lemma divergence_scale: "divergence T s t (\<lambda>x. k * f x) c = k * divergence T s t f c"
  unfolding divergence_def by (simp add: sum_distrib_left mult.assoc)

lemma divergence_add_indicator:
  assumes "finite T" "e \<in> T"
  shows "divergence T s t (\<lambda>x. f x + k * (if x = e then 1 else 0)) c
    = divergence T s t f c + k * incidence s t e c"
proof -
  have "(\<Sum>x\<in>T. k * (if x = e then 1 else 0) * incidence s t x c)
      = (\<Sum>x\<in>T. if x = e then k * incidence s t e c else 0)"
    by (rule sum.cong) auto
  thus ?thesis using assms unfolding divergence_def by (simp add: distrib_right sum.distrib)
qed

lemma divergence_mono_neutral:
  assumes "finite E" "T \<subseteq> E" "\<forall>x\<in>E - T. f x = 0"
  shows "divergence E s t f c = divergence T s t f c"
  unfolding divergence_def by (rule sum.mono_neutral_left[symmetric]) (use assms in auto)

lemma divergence_incident_edges:
  assumes "finite T"
  shows "divergence T s t f v = (\<Sum>e\<in>incident_edges T s t v. f e * incidence s t e v)"
  unfolding divergence_def incident_edges_def
  by (rule sum.mono_neutral_right) (use assms in \<open>auto simp: incidence_def\<close>)

lemma leaf_edge_flow_zero:
  assumes "finite T" "incident_edges T s t v = {e0}" "s e0 \<noteq> t e0" "divergence T s t f v = 0"
  shows "f e0 = 0"
proof -
  have "s e0 = v \<or> t e0 = v" using assms(2) unfolding incident_edges_def by blast
  hence "incidence s t e0 v \<noteq> 0" using assms(3) by (auto simp: incidence_def)
  thus ?thesis using assms divergence_incident_edges[of T s t f v] by simp
qed

subsection \<open>Circulations on trees\<close>

lemma unit_flow_along_walk:
  assumes "finite T" "\<forall>e\<in>T. s e \<noteq> t e" "(a, b) \<in> (adj T s t)\<^sup>*"
  shows "\<exists>f. unit_flow V T s t a b f"
  using assms(3)
proof (induction rule: rtrancl_induct)
  case base
  show ?case by (rule exI[of _ "\<lambda>_. 0"]) (simp add: unit_flow_def divergence_def)
next
  case (step b c)
  then obtain f where f: "unit_flow V T s t a b f" by blast
  from step.hyps(2) obtain e and k :: real where e: "e \<in> T"
    and k: "(s e = b \<and> t e = c \<and> k = 1) \<or> (t e = b \<and> s e = c \<and> k = -1)"
    unfolding adj_def by auto
  have "unit_flow V T s t a c (\<lambda>x. f x + k * (if x = e then 1 else 0))"
    using f k e assms(2) unfolding unit_flow_def
    by (auto simp: divergence_add_indicator[OF assms(1) e] incidence_def)
  thus ?case by blast
qed

lemma spanning_tree_flow_connected:
  assumes "finite E" "spanning_tree V E s t T" "\<forall>e\<in>E. s e \<noteq> t e"
  shows "flow_connected V T s t"
  unfolding flow_connected_def
proof (intro ballI)
  fix a b assume "a \<in> V" "b \<in> V"
  have T: "T \<subseteq> E" "graph_connected V T s t"
    using assms(2) unfolding spanning_tree_def by blast+
  have "(a, b) \<in> (adj T s t)\<^sup>*"
    using T(2) \<open>a \<in> V\<close> \<open>b \<in> V\<close> unfolding graph_connected_def by blast
  moreover have "finite T" using assms(1) T(1) by (rule finite_subset[rotated])
  moreover have "\<forall>e\<in>T. s e \<noteq> t e" using assms(3) T(1) by blast
  ultimately show "\<exists>f. unit_flow V T s t a b f" by (intro unit_flow_along_walk)
qed
(* Let $V=\{v_1,\dots,v_k\}$ be an amenable collection of vectors subordinate to a $\mathbb{Q}$-nef partition $E_1,\dots,E_{k+1}$ of a complete fan $\Sigma$ in $M_\mathbb{R}$. Then $\mathrm{span}_\mathbb{Z}(v_1,\dots,v_k)$ is a saturated sublattice of $N$. In particular, there is a basis of $N$ containing $v_1,\dots,v_k$.
   Context: $M$ lattice of rank $n$, $N=\mathrm{Hom}(M,\mathbb{Z})$; $\Sigma$ complete fan of strictly convex rational cones in $M_\mathbb{R}$, $\Sigma[1]\subset M$ its primitive ray generators. A $\mathbb{Q}$-nef partition is an ordered partition $\Sigma[1]=E_1\sqcup\dots\sqcup E_{k+1}$ (with convex $\Sigma$-piecewise linear rational functions $\varphi_i$, $\varphi_i(\rho)=\delta_{ij}$ for $\rho\in E_j$). An amenable collection subordinate to it is $V=\{v_1,\dots,v_k\}\subset N$ with $\langle v_i,\rho\rangle=-1$ for $\rho\in E_i$, $\langle v_i,\rho\rangle\ge0$ for $\rho\in E_j$ with $i<j\le k+1$, and $\langle v_i,\rho\rangle=0$ for $\rho\in E_j$ with $j<i$. *)

theory Defs
  imports "HOL-Analysis.Analysis"
begin

text \<open>The lattice M of rank n is Z^n, modelled as int^'n (finite index type 'n,
  n = CARD('n)); M_R = real^'n. The dual lattice N = Hom(M,Z) is identified with int^'n via
  the standard pairing.\<close>

definition latr :: "int^'n \<Rightarrow> real^'n" where
  "latr x = (\<chi> i. real_of_int (x $ i))"

definition pairing :: "int^'n \<Rightarrow> int^'n \<Rightarrow> int" where
  "pairing v m = (\<Sum>i\<in>UNIV. v $ i * m $ i)"

definition rat_poly_cone :: "(real^'n) set \<Rightarrow> bool" where
  "rat_poly_cone \<sigma> \<longleftrightarrow> (\<exists>S::(int^'n) set. finite S \<and>
      \<sigma> = {\<Sum>s\<in>S. c s *\<^sub>R latr s | c. \<forall>s\<in>S. 0 \<le> c s})"

definition strictly_convex_cone :: "(real^'n) set \<Rightarrow> bool" where
  "strictly_convex_cone \<sigma> \<longleftrightarrow> (\<forall>x. x \<in> \<sigma> \<and> - x \<in> \<sigma> \<longrightarrow> x = 0)"

definition cone_face :: "(real^'n) set \<Rightarrow> (real^'n) set \<Rightarrow> bool" where
  "cone_face \<tau> \<sigma> \<longleftrightarrow> (\<exists>u::real^'n. (\<forall>x\<in>\<sigma>. 0 \<le> u \<bullet> x) \<and> \<tau> = {x\<in>\<sigma>. u \<bullet> x = 0})"

definition is_fan :: "(real^'n) set set \<Rightarrow> bool" where
  "is_fan \<Sigma> \<longleftrightarrow> finite \<Sigma> \<and>
     (\<forall>\<sigma>\<in>\<Sigma>. rat_poly_cone \<sigma> \<and> strictly_convex_cone \<sigma>) \<and>
     (\<forall>\<sigma>\<in>\<Sigma>. \<forall>\<tau>. cone_face \<tau> \<sigma> \<longrightarrow> \<tau> \<in> \<Sigma>) \<and>
     (\<forall>\<sigma>\<in>\<Sigma>. \<forall>\<sigma>'\<in>\<Sigma>. cone_face (\<sigma> \<inter> \<sigma>') \<sigma> \<and> cone_face (\<sigma> \<inter> \<sigma>') \<sigma>')"

definition complete_fan :: "(real^'n) set set \<Rightarrow> bool" where
  "complete_fan \<Sigma> \<longleftrightarrow> is_fan \<Sigma> \<and> \<Union>\<Sigma> = UNIV"

definition primitive :: "int^'n \<Rightarrow> bool" where
  "primitive \<rho> \<longleftrightarrow> \<rho> \<noteq> 0 \<and> (\<forall>(m::int) (y::int^'n). \<rho> = m *s y \<longrightarrow> \<bar>m\<bar> = 1)"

##############################

— What you have to do —
The line above containing "1 else 0)) c", the line containing "by (auto simp: divergence_add_indicator[OF", and every line between them are to be transcribed exactly; no other line is wanted.

— Answer for this exercise —
  shows "divergence T s t (\<lambda>x. f x + k * (if x = e then 1 else 0)) c
    = divergence T s t f c + k * incidence s t e c"
proof -
  have "(\<Sum>x\<in>T. k * (if x = e then 1 else 0) * incidence s t x c)
      = (\<Sum>x\<in>T. if x = e then k * incidence s t e c else 0)"
    by (rule sum.cong) auto
  thus ?thesis using assms unfolding divergence_def by (simp add: distrib_right sum.distrib)
qed

lemma divergence_mono_neutral:
  assumes "finite E" "T \<subseteq> E" "\<forall>x\<in>E - T. f x = 0"
  shows "divergence E s t f c = divergence T s t f c"
  unfolding divergence_def by (rule sum.mono_neutral_left[symmetric]) (use assms in auto)

lemma divergence_incident_edges:
  assumes "finite T"
  shows "divergence T s t f v = (\<Sum>e\<in>incident_edges T s t v. f e * incidence s t e v)"
  unfolding divergence_def incident_edges_def
  by (rule sum.mono_neutral_right) (use assms in \<open>auto simp: incidence_def\<close>)

lemma leaf_edge_flow_zero:
  assumes "finite T" "incident_edges T s t v = {e0}" "s e0 \<noteq> t e0" "divergence T s t f v = 0"
  shows "f e0 = 0"
proof -
  have "s e0 = v \<or> t e0 = v" using assms(2) unfolding incident_edges_def by blast
  hence "incidence s t e0 v \<noteq> 0" using assms(3) by (auto simp: incidence_def)
  thus ?thesis using assms divergence_incident_edges[of T s t f v] by simp
qed

subsection \<open>Circulations on trees\<close>

lemma unit_flow_along_walk:
  assumes "finite T" "\<forall>e\<in>T. s e \<noteq> t e" "(a, b) \<in> (adj T s t)\<^sup>*"
  shows "\<exists>f. unit_flow V T s t a b f"
  using assms(3)
proof (induction rule: rtrancl_induct)
  case base
  show ?case by (rule exI[of _ "\<lambda>_. 0"]) (simp add: unit_flow_def divergence_def)
next
  case (step b c)
  then obtain f where f: "unit_flow V T s t a b f" by blast
  from step.hyps(2) obtain e and k :: real where e: "e \<in> T"
    and k: "(s e = b \<and> t e = c \<and> k = 1) \<or> (t e = b \<and> s e = c \<and> k = -1)"
    unfolding adj_def by auto
  have "unit_flow V T s t a c (\<lambda>x. f x + k * (if x = e then 1 else 0))"
    using f k e assms(2) unfolding unit_flow_def
    by (auto simp: divergence_add_indicator[OF assms(1) e] incidence_def)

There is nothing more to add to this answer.